Saved entries:
_ _ _ _ _

(* Let $k\ge 1$ be an integer, and fix $r>0$ and $0<\beta<1$. Then there exists a finite metric space $(X,\rho)$, equipped with the counting measure $\mu(A)=|A|$, such that (i) $M(X)=0$; (ii) $T_{k+1}(X)\le \dfrac{1}{(k+1)!}\,\beta\,|X|^{k+1}$; (iii) $|X|-\mu(\mathcal{X}^* )\ge \dfrac{1}{k+1}\,\beta^{1/k}\,|X|$, where $\mathcal{X}^*$ is an $r$-cluster structure of order $k$ of maximal measure in $X$.
   Context: For a metric space $(X,\rho)$ with a measure $\mu$ and a fixed $r>0$: an $s$-cluster is a measurable subset of $X$ of diameter at most $s$. For sets $A,B$, $\rho(A,B)=\inf\{\rho(x,y): x\in A, y\in B\}$. An $r$-cluster structure of order $k$ is a family $\mathcal{X}=\{X_1,\dots,X_k\}$ of $2r$-clusters with $\rho(X_i,X_j)\ge r$ for all $1\le i<j\le k$; its measure is $\mu(\mathcal{X})=\sum_{i=1}^k\mu(X_i)$. Define $M(X)=\frac12(\mu\otimes\mu)\{(x,y)\in X^2: r<\rho(x,y)\le 3r\}$ and, for an integer $m\ge1$, $T_m(X)=\frac{1}{m!}\mu^{\otimes m}\{(x_1,\dots,x_m)\in X^m: \rho(x_i,x_j)>r \text{ for all } 1\le i<j\le m\}$. *)

theory Defs
  imports "HOL-Analysis.Analysis"
begin

text \<open>The measure is the counting measure, so every subset is measurable and
 mu(A) = card A.\<close>

definition metric_on :: "nat set \<Rightarrow> (nat \<Rightarrow> nat \<Rightarrow> real) \<Rightarrow> bool" where
  "metric_on X \<rho> \<longleftrightarrow>
     (\<forall>x\<in>X. \<forall>y\<in>X. 0 \<le> \<rho> x y \<and> (\<rho> x y = 0 \<longleftrightarrow> x = y) \<and> \<rho> x y = \<rho> y x) \<and>
     (\<forall>x\<in>X. \<forall>y\<in>X. \<forall>z\<in>X. \<rho> x z \<le> \<rho> x y + \<rho> y z)"

definition is_cluster :: "nat set \<Rightarrow> (nat \<Rightarrow> nat \<Rightarrow> real) \<Rightarrow> real \<Rightarrow> nat set \<Rightarrow> bool" where
  "is_cluster X \<rho> s A \<longleftrightarrow> A \<subseteq> X \<and> (\<forall>x\<in>A. \<forall>y\<in>A. \<rho> x y \<le> s)"

text \<open>rho(A,B) >= r, with inf over the empty set = +infinity.\<close>
definition set_dist_ge :: "(nat \<Rightarrow> nat \<Rightarrow> real) \<Rightarrow> nat set \<Rightarrow> nat set \<Rightarrow> real \<Rightarrow> bool" where
  "set_dist_ge \<rho> A B r \<longleftrightarrow> (\<forall>x\<in>A. \<forall>y\<in>B. r \<le> \<rho> x y)"

definition cluster_structure ::
  "nat set \<Rightarrow> (nat \<Rightarrow> nat \<Rightarrow> real) \<Rightarrow> real \<Rightarrow> nat \<Rightarrow> (nat \<Rightarrow> nat set) \<Rightarrow> bool" where
  "cluster_structure X \<rho> r k Cs \<longleftrightarrow>
     (\<forall>i<k. is_cluster X \<rho> (2 * r) (Cs i)) \<and>
     (\<forall>i j. i < j \<and> j < k \<longrightarrow> set_dist_ge \<rho> (Cs i) (Cs j) r)"

definition cs_measure :: "nat \<Rightarrow> (nat \<Rightarrow> nat set) \<Rightarrow> nat" where
  "cs_measure k Cs = (\<Sum>i<k. card (Cs i))"

definition max_cs_measure :: "nat set \<Rightarrow> (nat \<Rightarrow> nat \<Rightarrow> real) \<Rightarrow> real \<Rightarrow> nat \<Rightarrow> nat" where
  "max_cs_measure X \<rho> r k = Max {cs_measure k Cs | Cs. cluster_structure X \<rho> r k Cs}"

definition M_fun :: "nat set \<Rightarrow> (nat \<Rightarrow> nat \<Rightarrow> real) \<Rightarrow> real \<Rightarrow> real" where
  "M_fun X \<rho> r = (1/2) * real (card {(x,y) \<in> X \<times> X. r < \<rho> x y \<and> \<rho> x y \<le> 3 * r})"

definition T_fun :: "nat set \<Rightarrow> (nat \<Rightarrow> nat \<Rightarrow> real) \<Rightarrow> real \<Rightarrow> nat \<Rightarrow> real" where
  "T_fun X \<rho> r m = (1 / fact m) *
     real (card {xs \<in> PiE {..<m} (\<lambda>_. X). \<forall>i j. i < j \<and> j < m \<longrightarrow> r < \<rho> (xs i) (xs j)})"

end

theory Submission
  imports Defs "HOL-Real_Asymp.Real_Asymp"
begin

(* The space consists of a clump of B points at mutual distance r/2 and L isolated points at
   distance 4r from everything else.  No distance lies in (r, 3r], so M vanishes.  A 2r-cluster
   is either inside the clump or a single isolated point, and two r-separated clusters cannot
   both meet the clump, so every cluster structure of order k has measure at most B + k - 1.
   A (k+1)-tuple of pairwise r-far points has at most one entry in the clump, so
   (k+1)! T_{k+1} <= L^{k+1} + (k+1) B L^k.  With L ~ c |X| and c = beta^{1/k} / (k+1) this is
   asymptotically c^k (k+1 - k c) |X|^{k+1} < beta |X|^{k+1}, while |X| minus the maximal
   measure is at least L - k + 1 >= c |X|. *)

definition blob_metric :: "nat \<Rightarrow> real \<Rightarrow> nat \<Rightarrow> nat \<Rightarrow> real" where
  "blob_metric B r x y = (if x = y then 0 else if x < B \<and> y < B then r / 2 else 4 * r)"

lemma metric_on_blob_metric: "r > 0 \<Longrightarrow> metric_on X (blob_metric B r)"
  unfolding metric_on_def blob_metric_def by auto

lemma blob_metric_gt_iff:
  "r > 0 \<Longrightarrow> r < blob_metric B r x y \<longleftrightarrow> x \<noteq> y \<and> (B \<le> x \<or> B \<le> y)"
  unfolding blob_metric_def by auto

lemma blob_metric_le_2r_iff:
  "r > 0 \<Longrightarrow> blob_metric B r x y \<le> 2 * r \<longleftrightarrow> x = y \<or> (x < B \<and> y < B)"
  unfolding blob_metric_def by auto

lemma M_fun_blob_metric:
  assumes "r > 0"
  shows "M_fun X (blob_metric B r) r = 0"
proof -
  have no_pairs:
    "{(x, y) \<in> X \<times> X. r < blob_metric B r x y \<and> blob_metric B r x y \<le> 3 * r} = {}"
    using assms unfolding blob_metric_def by auto
  show ?thesis unfolding M_fun_def no_pairs by simp
qed

lemma cluster_blob_metric:
  assumes "r > 0" and "is_cluster X (blob_metric B r) (2 * r) C"
  shows "C \<subseteq> {..<B} \<or> (\<exists>c. C = {c})"
proof (cases "C \<subseteq> {..<B}")
  case False
  then obtain c where c: "c \<in> C" "B \<le> c" by (auto simp: subset_eq)
  have "x = c" if "x \<in> C" for x
    using assms c \<open>x \<in> C\<close> blob_metric_le_2r_iff[OF \<open>r > 0\<close>, of B x c]
    unfolding is_cluster_def by auto
  then have "C = {c}" using c by blast
  then show ?thesis by blast
qed blast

_ _ _ _ _

→ Assigned task:
Send back all of the entries exactly, with nothing missing.

→ Final answer:
(* Let $k\ge 1$ be an integer, and fix $r>0$ and $0<\beta<1$. Then there exists a finite metric space $(X,\rho)$, equipped with the counting measure $\mu(A)=|A|$, such that (i) $M(X)=0$; (ii) $T_{k+1}(X)\le \dfrac{1}{(k+1)!}\,\beta\,|X|^{k+1}$; (iii) $|X|-\mu(\mathcal{X}^* )\ge \dfrac{1}{k+1}\,\beta^{1/k}\,|X|$, where $\mathcal{X}^*$ is an $r$-cluster structure of order $k$ of maximal measure in $X$.
   Context: For a metric space $(X,\rho)$ with a measure $\mu$ and a fixed $r>0$: an $s$-cluster is a measurable subset of $X$ of diameter at most $s$. For sets $A,B$, $\rho(A,B)=\inf\{\rho(x,y): x\in A, y\in B\}$. An $r$-cluster structure of order $k$ is a family $\mathcal{X}=\{X_1,\dots,X_k\}$ of $2r$-clusters with $\rho(X_i,X_j)\ge r$ for all $1\le i<j\le k$; its measure is $\mu(\mathcal{X})=\sum_{i=1}^k\mu(X_i)$. Define $M(X)=\frac12(\mu\otimes\mu)\{(x,y)\in X^2: r<\rho(x,y)\le 3r\}$ and, for an integer $m\ge1$, $T_m(X)=\frac{1}{m!}\mu^{\otimes m}\{(x_1,\dots,x_m)\in X^m: \rho(x_i,x_j)>r \text{ for all } 1\le i<j\le m\}$. *)

theory Defs
  imports "HOL-Analysis.Analysis"
begin

text \<open>The measure is the counting measure, so every subset is measurable and
 mu(A) = card A.\<close>

definition metric_on :: "nat set \<Rightarrow> (nat \<Rightarrow> nat \<Rightarrow> real) \<Rightarrow> bool" where
  "metric_on X \<rho> \<longleftrightarrow>
     (\<forall>x\<in>X. \<forall>y\<in>X. 0 \<le> \<rho> x y \<and> (\<rho> x y = 0 \<longleftrightarrow> x = y) \<and> \<rho> x y = \<rho> y x) \<and>
     (\<forall>x\<in>X. \<forall>y\<in>X. \<forall>z\<in>X. \<rho> x z \<le> \<rho> x y + \<rho> y z)"

definition is_cluster :: "nat set \<Rightarrow> (nat \<Rightarrow> nat \<Rightarrow> real) \<Rightarrow> real \<Rightarrow> nat set \<Rightarrow> bool" where
  "is_cluster X \<rho> s A \<longleftrightarrow> A \<subseteq> X \<and> (\<forall>x\<in>A. \<forall>y\<in>A. \<rho> x y \<le> s)"

text \<open>rho(A,B) >= r, with inf over the empty set = +infinity.\<close>
definition set_dist_ge :: "(nat \<Rightarrow> nat \<Rightarrow> real) \<Rightarrow> nat set \<Rightarrow> nat set \<Rightarrow> real \<Rightarrow> bool" where
  "set_dist_ge \<rho> A B r \<longleftrightarrow> (\<forall>x\<in>A. \<forall>y\<in>B. r \<le> \<rho> x y)"

definition cluster_structure ::
  "nat set \<Rightarrow> (nat \<Rightarrow> nat \<Rightarrow> real) \<Rightarrow> real \<Rightarrow> nat \<Rightarrow> (nat \<Rightarrow> nat set) \<Rightarrow> bool" where
  "cluster_structure X \<rho> r k Cs \<longleftrightarrow>
     (\<forall>i<k. is_cluster X \<rho> (2 * r) (Cs i)) \<and>
     (\<forall>i j. i < j \<and> j < k \<longrightarrow> set_dist_ge \<rho> (Cs i) (Cs j) r)"

definition cs_measure :: "nat \<Rightarrow> (nat \<Rightarrow> nat set) \<Rightarrow> nat" where
  "cs_measure k Cs = (\<Sum>i<k. card (Cs i))"

definition max_cs_measure :: "nat set \<Rightarrow> (nat \<Rightarrow> nat \<Rightarrow> real) \<Rightarrow> real \<Rightarrow> nat \<Rightarrow> nat" where
  "max_cs_measure X \<rho> r k = Max {cs_measure k Cs | Cs. cluster_structure X \<rho> r k Cs}"

definition M_fun :: "nat set \<Rightarrow> (nat \<Rightarrow> nat \<Rightarrow> real) \<Rightarrow> real \<Rightarrow> real" where
  "M_fun X \<rho> r = (1/2) * real (card {(x,y) \<in> X \<times> X. r < \<rho> x y \<and> \<rho> x y \<le> 3 * r})"

definition T_fun :: "nat set \<Rightarrow> (nat \<Rightarrow> nat \<Rightarrow> real) \<Rightarrow> real \<Rightarrow> nat \<Rightarrow> real" where
  "T_fun X \<rho> r m = (1 / fact m) *
     real (card {xs \<in> PiE {..<m} (\<lambda>_. X). \<forall>i j. i < j \<and> j < m \<longrightarrow> r < \<rho> (xs i) (xs j)})"

end

theory Submission
  imports Defs "HOL-Real_Asymp.Real_Asymp"
begin

(* The space consists of a clump of B points at mutual distance r/2 and L isolated points at
   distance 4r from everything else.  No distance lies in (r, 3r], so M vanishes.  A 2r-cluster
   is either inside the clump or a single isolated point, and two r-separated clusters cannot
   both meet the clump, so every cluster structure of order k has measure at most B + k - 1.
   A (k+1)-tuple of pairwise r-far points has at most one entry in the clump, so
   (k+1)! T_{k+1} <= L^{k+1} + (k+1) B L^k.  With L ~ c |X| and c = beta^{1/k} / (k+1) this is
   asymptotically c^k (k+1 - k c) |X|^{k+1} < beta |X|^{k+1}, while |X| minus the maximal
   measure is at least L - k + 1 >= c |X|. *)

definition blob_metric :: "nat \<Rightarrow> real \<Rightarrow> nat \<Rightarrow> nat \<Rightarrow> real" where
  "blob_metric B r x y = (if x = y then 0 else if x < B \<and> y < B then r / 2 else 4 * r)"

lemma metric_on_blob_metric: "r > 0 \<Longrightarrow> metric_on X (blob_metric B r)"
  unfolding metric_on_def blob_metric_def by auto

lemma blob_metric_gt_iff:
  "r > 0 \<Longrightarrow> r < blob_metric B r x y \<longleftrightarrow> x \<noteq> y \<and> (B \<le> x \<or> B \<le> y)"
  unfolding blob_metric_def by auto

lemma blob_metric_le_2r_iff:
  "r > 0 \<Longrightarrow> blob_metric B r x y \<le> 2 * r \<longleftrightarrow> x = y \<or> (x < B \<and> y < B)"
  unfolding blob_metric_def by auto

lemma M_fun_blob_metric:
  assumes "r > 0"
  shows "M_fun X (blob_metric B r) r = 0"
proof -
  have no_pairs:
    "{(x, y) \<in> X \<times> X. r < blob_metric B r x y \<and> blob_metric B r x y \<le> 3 * r} = {}"
    using assms unfolding blob_metric_def by auto
  show ?thesis unfolding M_fun_def no_pairs by simp
qed

lemma cluster_blob_metric:
  assumes "r > 0" and "is_cluster X (blob_metric B r) (2 * r) C"
  shows "C \<subseteq> {..<B} \<or> (\<exists>c. C = {c})"
proof (cases "C \<subseteq> {..<B}")
  case False
  then obtain c where c: "c \<in> C" "B \<le> c" by (auto simp: subset_eq)
  have "x = c" if "x \<in> C" for x
    using assms c \<open>x \<in> C\<close> blob_metric_le_2r_iff[OF \<open>r > 0\<close>, of B x c]
    unfolding is_cluster_def by auto
  then have "C = {c}" using c by blast
  then show ?thesis by blast
qed blast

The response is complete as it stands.